= Deadly Exchange =

Campaign by Jewish Voice for Peace

Deadly Exchange is a political campaign launched by Jewish Voice for Peace, a left-wing Jewish-American activist organization, the goal of which is to end exchange programs between American and Israeli security forces.

==History==
Jewish Voice for Peace (JVP) launched the Deadly Exchange campaign in June 2017. JVP describes the campaign as "a group of multiracial Jews and allies who have been working to end U.S.-Israel law enforcement exchange programs." JVP had named several major Zionist organizations as "complicit" in these exchanges, including AIPAC, the ADL and Birthright Israel, and believes that "institutions who run and fund the deadly exchange" must be held accountable.

Durham, North Carolina, become the first American city to bar police funding for police training in Israel in April 2018. JVP's Deadly Exchange worked with a coalition of Muslim, pro-Palestinian, and civil rights groups to lobby the Durham City Council.

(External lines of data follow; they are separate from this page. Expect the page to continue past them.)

(* For an Aronszajn tree $T$ the following are equivalent: (1) $T$ is SS; (2) $a(T)$ is $\mathsf{stat}$-pc; (3) $\mathbb{S}(T)$ is $\mathsf{stat}$-pc.
   Context: An Aronszajn tree is a tree of height $\omega_1$ with all levels and chains countable. A subset $X\subseteq T$ is stationary if $\{\mathrm{ht}(t):t\in X\}$ is stationary in $\omega_1$; $T$ is SS if every stationary subset of $T$ contains a stationary antichain. $a(T)$ is the poset of finite antichains of $T$ ordered by reverse inclusion. $\mathbb{S}(T)$ is the poset of finite partial functions $p:T\to\omega$ such that $p^{-1}(\{n\})$ is an antichain for every $n$, ordered by reverse inclusion. A poset is $\mathsf{stat}$-pc if for every stationary $S\subseteq\omega_1$ and every $\langle p_\alpha:\alpha\in S\rangle$ there is a stationary $S'\subseteq S$ with $\{p_\alpha:\alpha\in S'\}$ centered (every finite subset has a common lower bound). *)

theory Defs
  imports "HOL-Library.Countable_Set"
begin

text \<open>omega_1 is represented by an abstract well-ordered type 'i that is uncountable
  and all of whose proper initial segments are countable (unique up to isomorphism).\<close>
definition omega1_like :: "'i::wellorder itself \<Rightarrow> bool" where
  "omega1_like _ \<longleftrightarrow> \<not> countable (UNIV :: 'i set) \<and> (\<forall>i::'i. countable {j. j < i})"

definition unbounded :: "'i::wellorder set \<Rightarrow> bool" where
  "unbounded C \<longleftrightarrow> (\<forall>i. \<exists>j\<in>C. i \<le> j)"

definition closed_set :: "'i::wellorder set \<Rightarrow> bool" where
  "closed_set C \<longleftrightarrow> (\<forall>i. (\<exists>j. j < i) \<and> (\<forall>j<i. \<exists>k\<in>C. j < k \<and> k < i) \<longrightarrow> i \<in> C)"

definition club :: "'i::wellorder set \<Rightarrow> bool" where
  "club C \<longleftrightarrow> closed_set C \<and> unbounded C"

definition stationary :: "'i::wellorder set \<Rightarrow> bool" where
  "stationary S \<longleftrightarrow> (\<forall>C. club C \<longrightarrow> S \<inter> C \<noteq> {})"

definition is_tree :: "'a set \<Rightarrow> ('a \<Rightarrow> 'a \<Rightarrow> bool) \<Rightarrow> bool" where
  "is_tree T lt \<longleftrightarrow>
     (\<forall>t\<in>T. \<not> lt t t) \<and>
     (\<forall>s\<in>T. \<forall>t\<in>T. \<forall>u\<in>T. lt s t \<longrightarrow> lt t u \<longrightarrow> lt s u) \<and>
     (\<forall>t\<in>T. \<forall>s\<in>T. \<forall>u\<in>T. lt s t \<longrightarrow> lt u t \<longrightarrow> s = u \<or> lt s u \<or> lt u s) \<and>
     (\<forall>t\<in>T. \<forall>A. A \<subseteq> {s\<in>T. lt s t} \<longrightarrow> A \<noteq> {} \<longrightarrow> (\<exists>m\<in>A. \<forall>a\<in>A. \<not> lt a m))"

definition has_height :: "'a set \<Rightarrow> ('a \<Rightarrow> 'a \<Rightarrow> bool) \<Rightarrow> 'a \<Rightarrow> 'i::wellorder \<Rightarrow> bool" where
  "has_height T lt t i \<longleftrightarrow>
     (\<exists>f. bij_betw f {j. j < i} {s\<in>T. lt s t} \<and>
          (\<forall>j k. j < i \<longrightarrow> k < i \<longrightarrow> (j < k \<longleftrightarrow> lt (f j) (f k))))"

definition ht :: "'a set \<Rightarrow> ('a \<Rightarrow> 'a \<Rightarrow> bool) \<Rightarrow> 'a \<Rightarrow> 'i::wellorder" where
  "ht T lt t = (THE i. has_height T lt t i)"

The petition delivered to the city council stated that the "Israeli Defense Forces and the Israel Police have a long history of violence and harm against Palestinian people and Jews of color." The city council's vote was unanimous.

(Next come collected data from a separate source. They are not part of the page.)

(* Let $\tau\in[0,1]$ and let $\tilde f,f$ be Gaussian densities on $\mathbb{R}^q$ with means $\tilde m_z,m_z$ and positive definite covariances $\tilde K_z,K_z$. Then $\mathcal{D}_\tau(\tilde f\|f)\ge0$, with equality if and only if $\tilde f=f$.
   Context: $\Delta m_z=\tilde m_z-m_z$, $L_z$ any matrix with $K_z=L_zL_z^T$, $M=L_z^{-1}\tilde K_zL_z^{-T}$, $\|v\|_A^2=v^TAv$, matrix log and powers of positive definite matrices are the usual ones. $\mathcal{D}_0(\tilde f\|f)=\|\Delta m_z\|^2_{K_z^{-1}}+\mathrm{tr}(-\log(\tilde K_zK_z^{-1})+\tilde K_zK_z^{-1}-I_q)$; for $0<\tau<1$, $\mathcal{D}_\tau(\tilde f\|f)=\frac1{1-\tau}\|\Delta m_z\|^2_{K_z^{-1}}+\mathrm{tr}(\frac1{\tau(\tau-1)}M^\tau+\frac1{1-\tau}\tilde K_zK_z^{-1}+\frac1\tau I_q)$; $\mathcal{D}_1(\tilde f\|f)=\delta(\Delta m_z)+\mathrm{tr}(M\log M-\tilde K_zK_z^{-1}+I_q)$, with $\delta(\Delta m_z)=0$ if $\Delta m_z=0$ and $+\infty$ otherwise. *)

theory Defs
  imports "HOL-Analysis.Analysis" "HOL-Library.Extended_Real"
begin

definition pos_def_mat :: "real^'q::finite^'q \<Rightarrow> bool" where
  "pos_def_mat K \<longleftrightarrow> transpose K = K \<and> (\<forall>x. x \<noteq> 0 \<longrightarrow> x \<bullet> (K *v x) > 0)"

definition diag_mat :: "('q::finite \<Rightarrow> real) \<Rightarrow> real^'q^'q" where
  "diag_mat d = (\<chi> i j. if i = j then d i else 0)"

text \<open>Primary matrix function g(A) of a diagonalisable matrix A = P diag(d) P^{-1}:
  g(A) = P diag(g o d) P^{-1}. (Independent of the diagonalisation.) This gives the usual
  matrix logarithm and real powers of positive definite matrices, and of matrices
  similar to them such as tilde K K^{-1}.\<close>
definition mat_fun :: "(real \<Rightarrow> real) \<Rightarrow> real^'q::finite^'q \<Rightarrow> real^'q^'q" where
  "mat_fun g A = (SOME B. \<exists>(P::real^'q^'q) d. invertible P \<and> A = P ** diag_mat d ** matrix_inv P
                          \<and> B = P ** diag_mat (\<lambda>i. g (d i)) ** matrix_inv P)"

definition mat_log :: "real^'q^'q \<Rightarrow> real^'q^'q" where
  "mat_log A = mat_fun ln A"

definition mat_powr :: "real^'q^'q \<Rightarrow> real \<Rightarrow> real^'q^'q" where
  "mat_powr A t = mat_fun (\<lambda>x. x powr t) A"

definition factor_L :: "real^'q^'q \<Rightarrow> real^'q^'q" where
  "factor_L K = (SOME L. K = L ** transpose L)"

definition M_mat :: "real^'q^'q \<Rightarrow> real^'q^'q \<Rightarrow> real^'q^'q" where
  "M_mat Kt K = matrix_inv (factor_L K) ** Kt ** transpose (matrix_inv (factor_L K))"

definition wnorm2 :: "real^'q^'q \<Rightarrow> real^'q \<Rightarrow> real" where
  "wnorm2 A v = v \<bullet> (A *v v)"

definition gauss_density :: "real^'q \<Rightarrow> real^'q^'q \<Rightarrow> real^'q \<Rightarrow> real" where
  "gauss_density m K x = (2 * pi) powr (- real CARD('q) / 2) * det K powr (-1/2)
      * exp (- wnorm2 (matrix_inv K) (x - m) / 2)"

text \<open>The divergence D_tau(tilde f || f), with tilde f = N(mt, Kt), f = N(m, K); values in ereal
  since D_1 may be +infinity.\<close>
definition D_tau :: "real \<Rightarrow> real^'q \<Rightarrow> real^'q^'q \<Rightarrow> real^'q \<Rightarrow> real^'q^'q \<Rightarrow> ereal" where
  "D_tau \<tau> mt Kt m K =
    (let dm = mt - m; KK = Kt ** matrix_inv K; M = M_mat Kt K; I = mat 1 :: real^'q^'q in
     if \<tau> = 0 then
       ereal (wnorm2 (matrix_inv K) dm + trace (- mat_log KK + KK - I))
     else if \<tau> = 1 then
       (if dm = 0 then ereal (trace (M ** mat_log M - KK + I)) else \<infinity>)
     else
       ereal (1 / (1 - \<tau>) * wnorm2 (matrix_inv K) dm
              + trace ((1 / (\<tau> * (\<tau> - 1))) *\<^sub>R mat_powr M \<tau> + (1 / (1 - \<tau>)) *\<^sub>R KK
                       + (1 / \<tau>) *\<^sub>R I)))"

end

theory Submission
  imports Defs
begin

text \<open>
  The mean term of \<open>D_tau\<close> is a nonnegative multiple of the quadratic form of the positive
  definite matrix \<open>K\<^sup>-\<^sup>1\<close> (for \<open>\<tau> = 1\<close> it is the indicator of \<open>mt \<noteq> m\<close>), so it is
  nonnegative and vanishes iff the means agree. For the covariance term, \<open>M = L\<^sup>-\<^sup>1 Kt L\<^sup>-\<^sup>T\<close> is
  positive definite and similar to \<open>Kt K\<^sup>-\<^sup>1 = L M L\<^sup>-\<^sup>1\<close>. Diagonalising, each trace becomes
  a sum of \<open>\<phi>\<^sub>\<tau>(\<lambda>)\<close> (\<open>tau_generator\<close> below) over the positive eigenvalues \<open>\<lambda>\<close>,
  with \<open>\<phi>\<^sub>0(x) = x - 1 - ln x\<close>, \<open>\<phi>\<^sub>1(x) = x ln x - x + 1\<close> and
  \<open>\<phi>\<^sub>\<tau>(x) = (x\<^sup>\<tau> - \<tau> x - (1 - \<tau>)) / (\<tau> (\<tau> - 1))\<close>.
  By \<open>ln x \<le> x - 1\<close> and the strict weighted AM-GM inequality each \<open>\<phi>\<^sub>\<tau>\<close> is positive
  except at \<open>x = 1\<close>, so the covariance term vanishes iff all eigenvalues are 1, i.e. \<open>Kt = K\<close>.
  Finally two Gaussian densities coincide iff their parameters do: the mean is the unique
  maximiser of the density, and the exponents then force \<open>Kt\<^sup>-\<^sup>1 = K\<^sup>-\<^sup>1\<close>.
\<close>

section \<open>Matrix inverses, diagonal matrices and traces\<close>

lemma matrix_inv_right: "invertible (A::real^'n^'n) \<Longrightarrow> A ** matrix_inv A = mat 1"
  and matrix_inv_left: "invertible (A::real^'n^'n) \<Longrightarrow> matrix_inv A ** A = mat 1"
  unfolding invertible_def matrix_inv_def by (metis (mono_tags, lifting) someI_ex)+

In March 2020, a leaked Anti-Defamation League memo stated that the group had not facilitated any police exchanges since 2019. The memo was published by Jewish Currents and The Guardian in March 2022. The "Deadly Exchange" campaign celebrated this as a victory, but the ADL claimed that activists were wrong to take credit for a "pause" in the programs and that the programs may be resumed in future, with the dimensions of that endeavor to be determined.

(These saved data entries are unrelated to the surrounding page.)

(* Let $n\ge2$ and $B_n=\langle a,b\mid ba=b^n\rangle$. 1. If $\mathsf d$ denotes the Levenshtein distance, then $\mathsf c_{\mathsf d}(B_n)=n-1$; and $B_n$ is half-factorial if and only if $n=2$. 2. For all $k,m\in\mathbb N_0$, \[\mathsf L(a^kb^m)=k+m-q_{m,n}(n-2)+(n-2)\cdot[0,q_{m,n}],\] where $q_{m,n}=\lfloor m/(n-1)\rfloor$ if $(n-1)\nmid m$; $q_{m,n}=\frac{m}{n-1}-1$ if $(n-1)\mid m$ and $m\neq0$; and $q_{m,n}=0$ if $m=0$.
   Context: $B_n$ is the monoid with generators $a,b$ and single relation $ba=b^n$; it is reduced and atomic with atoms $a,b$, and every element is uniquely $a^kb^m$ ($k,m\in\mathbb N_0$). Factorizations are words in the free monoid $\mathcal F^*(\{a,b\})$; $\pi$ maps a word to the element it represents; $\sim=\{(x,y)\mid\pi(x)=\pi(y)\}$. $\mathsf L(x)=\{|z|:\pi(z)=x\}$ (with $\mathsf L(1)=\{0\}$). The Levenshtein distance between words $z,z'$ is the minimal number of substitutions, deletions or insertions of single letters needed to transform $z$ into $z'$. For $x\in B_n$, the catenary degree $\mathsf c_{\mathsf d}(x)$ is the least $N\in\mathbb N_0\cup\{\infty\}$ such that any two factorizations $z,z'$ of $x$ are connected by a chain $z=z_0,\dots,z_r=z'$ of factorizations of $x$ with $\mathsf d(z_{i-1},z_i)\le N$; $\mathsf c_{\mathsf d}(B_n)=\sup_x\mathsf c_{\mathsf d}(x)$. Half-factorial: $|\mathsf L(x)|=1$ for all $x$. Notation: $[u,v]=\{z\in\mathbb Z:u\le z\le v\}$, $d\cdot L=\{dl:l\in L\}$, $m+L=\{m+l:l\in L\}$. *)

theory Defs
  imports Main "HOL-Library.Extended_Nat"
begin

datatype atom = a | b

inductive Bstep :: "nat \<Rightarrow> atom list \<Rightarrow> atom list \<Rightarrow> bool" for n where
  "Bstep n (u @ [b, a] @ v) (u @ replicate n b @ v)"
theorem lemma3p4:
  fixes k m :: nat
  assumes "k \<ge> 2" and "m \<ge> 1"
  shows "\<exists>M. prob_space M \<and>
           sets M = sets (PiM {..<k * m} (\<lambda>_. (borel :: real measure))) \<and>
           (AE b in M. (\<Sum>i<k * m. b i) = 1) \<and>
           (\<forall>i<k * m. \<forall>x. cdf (distr M borel (\<lambda>b. b i)) x = Fk k m x)"
proof (intro exI[of _ "block_share_measure k m"] conjI allI impI)
  have "0 < m"
    using \<open>m \<ge> 1\<close> by simp
  show "prob_space (block_share_measure k m)"
    using \<open>k \<ge> 2\<close> by (rule prob_space_block_share_measure)
  show "sets (block_share_measure k m) = sets (PiM {..<k * m} (\<lambda>_. borel))"
    by (simp add: block_share_measure_def)
  show "AE b in block_share_measure k m. (\<Sum>i<k * m. b i) = 1"
    using \<open>k \<ge> 2\<close> \<open>0 < m\<close> by (rule AE_block_share_measure_sum)
  show "cdf (distr (block_share_measure k m) borel (\<lambda>b. b i)) x = Fk k m x" if "i < k * m" for i x
    using \<open>k \<ge> 2\<close> \<open>0 < m\<close> that by (rule cdf_block_share_measure)
qed

end
(* For $n \ge 2$, if $n \pmod 6 \in \{2,4\}$, then the path $P_n$ is $\gamma_{\rm tg}$-critical.
   Context: Total domination game: Dominator and Staller alternately choose vertices, each chosen vertex must be adjacent to some vertex not yet totally dominated; the game ends when no legal move exists; Dominator minimizes, Staller maximizes the number of moves; $\gamma_{\rm tg}(G)$ is the number of moves in the Dominator-start game under optimal play. $G|v$ is $G$ with $v$ declared already totally dominated, with $\gamma_{\rm tg}(G|v)$ defined analogously. $G$ is $\gamma_{\rm tg}$-critical if $\gamma_{\rm tg}(G|v)<\gamma_{\rm tg}(G)$ for all vertices $v$. *)

theory Defs
  imports Main
begin

text \<open>A graph is given by a finite vertex set V and a symmetric irreflexive
adjacency relation E. The open neighbourhood of v is the set of neighbours of v in V.\<close>

definition open_nbhd :: "'a set \<Rightarrow> ('a \<Rightarrow> 'a \<Rightarrow> bool) \<Rightarrow> 'a \<Rightarrow> 'a set" where
  "open_nbhd V E v = {u \<in> V. E v u}"

text \<open>State of the total domination game: the set T of vertices already totally
dominated.\<close>

definition tdg_legal :: "'a set \<Rightarrow> ('a \<Rightarrow> 'a \<Rightarrow> bool) \<Rightarrow> 'a set \<Rightarrow> 'a \<Rightarrow> bool" where
  "tdg_legal V E T v \<longleftrightarrow> v \<in> V \<and> \<not> open_nbhd V E v \<subseteq> T"

text \<open>Number of remaining moves under optimal play, with a fuel bound k and a flag
saying whether Dominator (True) or Staller (False) is to move. Every legal move
strictly enlarges T \<inter> V, so with fuel card V the value is exact.\<close>

fun tdg_val :: "'a set \<Rightarrow> ('a \<Rightarrow> 'a \<Rightarrow> bool) \<Rightarrow> nat \<Rightarrow> bool \<Rightarrow> 'a set \<Rightarrow> nat" where
  "tdg_val V E 0 d T = 0"
| "tdg_val V E (Suc k) d T =
     (if {v. tdg_legal V E T v} = {} then 0
      else if d then Min ((\<lambda>v. Suc (tdg_val V E k False (T \<union> open_nbhd V E v))) ` {v. tdg_legal V E T v})
      else Max ((\<lambda>v. Suc (tdg_val V E k True (T \<union> open_nbhd V E v))) ` {v. tdg_legal V E T v}))"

In 2020, JVP issued an update on the campaign, stating that making connections between the United States and Israel could cause harm if context is not provided. The update said that "Suggesting that Israel is the start or source of American police violence or racism shifts the blame from the United States to Israel. This obscures the fundamental responsibility and nature of the U.S., and harms Black people and Black-led struggle. It also furthers an antisemitic ideology."

In September 2021, the Seattle City Council voted 5–4 against a bill that would have ended the "Deadly Exchange" with the Seattle Police Department.

==Criticism==
According to Steven L. Pomerantz, an "architect" of a U.S.-Israeli exchange program who served as Assistant Director of the FBI and Director of the Homeland Security Program at the Jewish Institute for National Security of America (JINSA), referred to the idea of a "Deadly Exchange" based on sharing "worst practices" as a false and dangerous lie. Pomerantz believes supporters of Deadly Exchange are at best operating on a "deep misunderstanding" and at worst on "virulent bias".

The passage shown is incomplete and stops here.